Amy E. Herman ‘88, this year’s commencement speaker, first charted out the path for her life while in professor Robert Mattison’s art history class.
“If it were not for [Mattison’s] class, I would not be doing what I do today,” Herman said. “He opened my eyes … not only to the power of art but the power of bringing art to other people.”
Herman has made a career out of bringing art to others and will be bringing the lessons she’s learned back to College Hill with her commencement address.
“The world needs changing,” Herman said. “We need [students’] power, their talent. We need them to step up and be brave and thoughtful and kind. My feeling is if you follow those, you’re not going to go wrong.”
Herman’s post-Lafayette journey began with her earning a law degree from George Washington University. After working in private practice for five years, she felt a tug back into the world of art. She began working as an attorney for an art museum before going back to school for an advanced degree in art history.
She then became head of education at the Frick Collection, a New York City art museum. It was while at the Frick Collection that Herman developed her Art of Perception seminar series.
“It was just a perfect marriage of my love for art history and my experience as a lawyer, and I’ve been doing this for twenty-one years now,” Herman said. “When I left the Frick Collection, I took the program global and now I train governments, and I’ve trained FBI agents, nuns, NATO officers and Navy SEALs, all how to look at works of art to enhance their observational skills.”
Her training sessions have a three-hour runtime and ask participants to reconsider the way that they look at what is in front of them. For example, Herman trained New York Police Department homicide detectives — who are tasked with seeing minute details as part of their jobs — to “use art as a vehicle to rethink how they do their jobs.”
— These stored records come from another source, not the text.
theorem mainTheorem3:
  fixes G :: "('a, 'b) monoid_scheme" and S :: "'a set" and m :: nat
    and q :: "nat \<Rightarrow> 'a \<Rightarrow> real"
  assumes "group G"
    and "S \<subseteq> carrier G"
    and "conj_invariant G S"
    and "generate G S = carrier G"
    and "\<forall>i<m. homogeneous_qm G (q i)"
    and "\<forall>c :: nat \<Rightarrow> real. (\<forall>g\<in>carrier G. (\<Sum>i<m. c i * q i g) = 0) \<longrightarrow> (\<forall>i<m. c i = 0)"
    and "\<forall>i<m. \<exists>B. \<forall>s\<in>S. \<bar>q i s\<bar> \<le> B"
  shows "\<exists>f. f \<in> Zm m \<rightarrow> conj_classes G \<and>
           (\<exists>K C. K \<ge> 1 \<and> C \<ge> 0 \<and>
             (\<forall>x\<in>Zm m. \<forall>y\<in>Zm m.
                real_of_int (l1_dist m x y) / K - C \<le> real (cq_dist G S (f x) (f y)) \<and>
                real (cq_dist G S (f x) (f y)) \<le> K * real_of_int (l1_dist m x y) + C))"
proof -
  interpret group G by (rule assms(1))
  have "independent_on (carrier G) q m"
    using assms(6) unfolding independent_on_def .
  then obtain g c where g: "\<forall>j<m. g j \<in> carrier G"
    and dual: "\<forall>k<m. \<forall>j<m. (\<Sum>i<m. c k i * q i (g j)) = (if k = j then 1 else 0)"
    by (rule dual_basis_exists)
  obtain D where D: "D \<ge> 0" "\<forall>i<m. defect_le G (q i) D"
    by (rule uniform_bound_exists[of m "\<lambda>i. defect_le G (q i)"])
      (use assms(5) in \<open>force simp: homogeneous_qm_def quasi_morphism_iff_defect_le defect_le_def\<close>)+
  obtain B where B: "B \<ge> 0" "\<forall>i<m. \<forall>s\<in>S. \<bar>q i s\<bar> \<le> B"
    by (rule uniform_bound_exists[of m "\<lambda>i b. \<forall>s\<in>S. \<bar>q i s\<bar> \<le> b"]) (use assms(7) in force)+
  have "\<forall>j<m. \<exists>n. translation_length_le G S (g j) n"
    using translation_length_le_generate[OF assms(2)] assms(4) g by simp
  then obtain l where l: "\<forall>j<m. translation_length_le G S (g j) (l j)"
    by metis
  define f where "f x = conj_class G (pow_prod G g x m)" for x
  define Cn where "Cn = (\<Sum>k<m. \<Sum>i<m. \<bar>c k i\<bar>)"
  define L where "L = (\<Sum>j<m. real (l j))"
  have bounds: "of_int (l1_dist m x y) / (Cn * (B + D) + L + 1) - Cn * (2 * real m * D)
        \<le> real (cq_dist G S (f x) (f y)) \<and>
      real (cq_dist G S (f x) (f y)) \<le> (Cn * (B + D) + L + 1) * of_int (l1_dist m x y) + Cn * (2 * real m * D)"
    for x y
  proof (rule quasi_isometry_constants)
    have "cq_path G S (cq_dist G S (f x) (f y)) (f x) (f y)"
      using cq_path_cq_dist[OF pow_prod_cq_path[OF g l one_closed]] g
      by (simp add: f_def pow_prod_closed)
    then have "of_int (l1_dist m x y) \<le> Cn * (2 * real m * D + real (cq_dist G S (f x) (f y)) * (B + D))"
      unfolding Cn_def f_def by (rule l1_dist_le_cq_path[OF assms(5) D(2) assms(2) B(2) g dual])
    then show "of_int (l1_dist m x y) \<le> Cn * (2 * real m * D) + real (cq_dist G S (f x) (f y)) * (Cn * (B + D))"
      by (simp add: algebra_simps)
    show "real (cq_dist G S (f x) (f y)) \<le> L * of_int (l1_dist m x y)"
      using cq_dist_pow_prod_le[OF g l] unfolding f_def L_def .
  qed (auto simp: Cn_def L_def l1_dist_def D B sum_nonneg)
  moreover have "f \<in> Zm m \<rightarrow> conj_classes G"
    unfolding f_def using g by (simp add: conj_class_in_conj_classes pow_prod_closed)
  moreover have "Cn * (B + D) + L + 1 \<ge> 1" "Cn * (2 * real m * D) \<ge> 0"
    using B D by (simp_all add: Cn_def L_def sum_nonneg)
  ultimately show ?thesis by blast
qed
“It’s refining two things: their ability to communicate effectively and … their sense of critical inquiry,” Herman explained. “The liberal arts education sharpened my mind and helped me to formulate the kinds of questions I needed to do the work that I needed to do, and that is what I’m doing with the Art of Perception. I’m teaching people around the world across disciplines how to ask better questions.”
Herman has authored three books on the subject addressed in her seminars: “Visual Intelligence” in 2015, “Fixed” in 2021 and “smART” in 2022.
“Amy has a really interesting academic history and also professional history,” Chaplain Alex Hendrickson, who serves on the Presidential Commission for Commencements, said. “In some ways, I think she’s the perfect liberal arts [embodiment].”
Hendrickson experienced one of Herman’s sessions when she trained Lafayette’s student life office a few years ago.
“I really felt like I learned more about myself and I learned more about my colleagues,” Hendrickson said. “It was so unique using art to reflect in that way.”
College President Nicole Hurd has been an advocate for the commencement address to be delivered by alumni.
“For commencement in particular, we’ve been trying to find people who not only bring a name and a splash but also bring a real connection to our students that day and make it a little bit more personal because they’ve sat in the same seat,” Hurd said.
Herman is now the third consecutive alum to deliver the commencement address, following Beth Mowins ’89 and Chip Bergh ’79.
“We want everyone in the audience to feel like they’re reflected on the stage and like they have common ground with the speaker,” Olivia Puzio ‘25, the Student Government president who serves as a member of the commission, explained.
For Herman, the opportunity to speak at commencement represents a full-circle moment in her life.
“Going home to this kind of honor is almost something I can’t wrap my head around,” Herman said. “[Students] may be leaving that day, but this is always going to be home — these people, these buildings, this education. It’s been thirty-five years for me and I’m so excited to make that climb back up the hill.”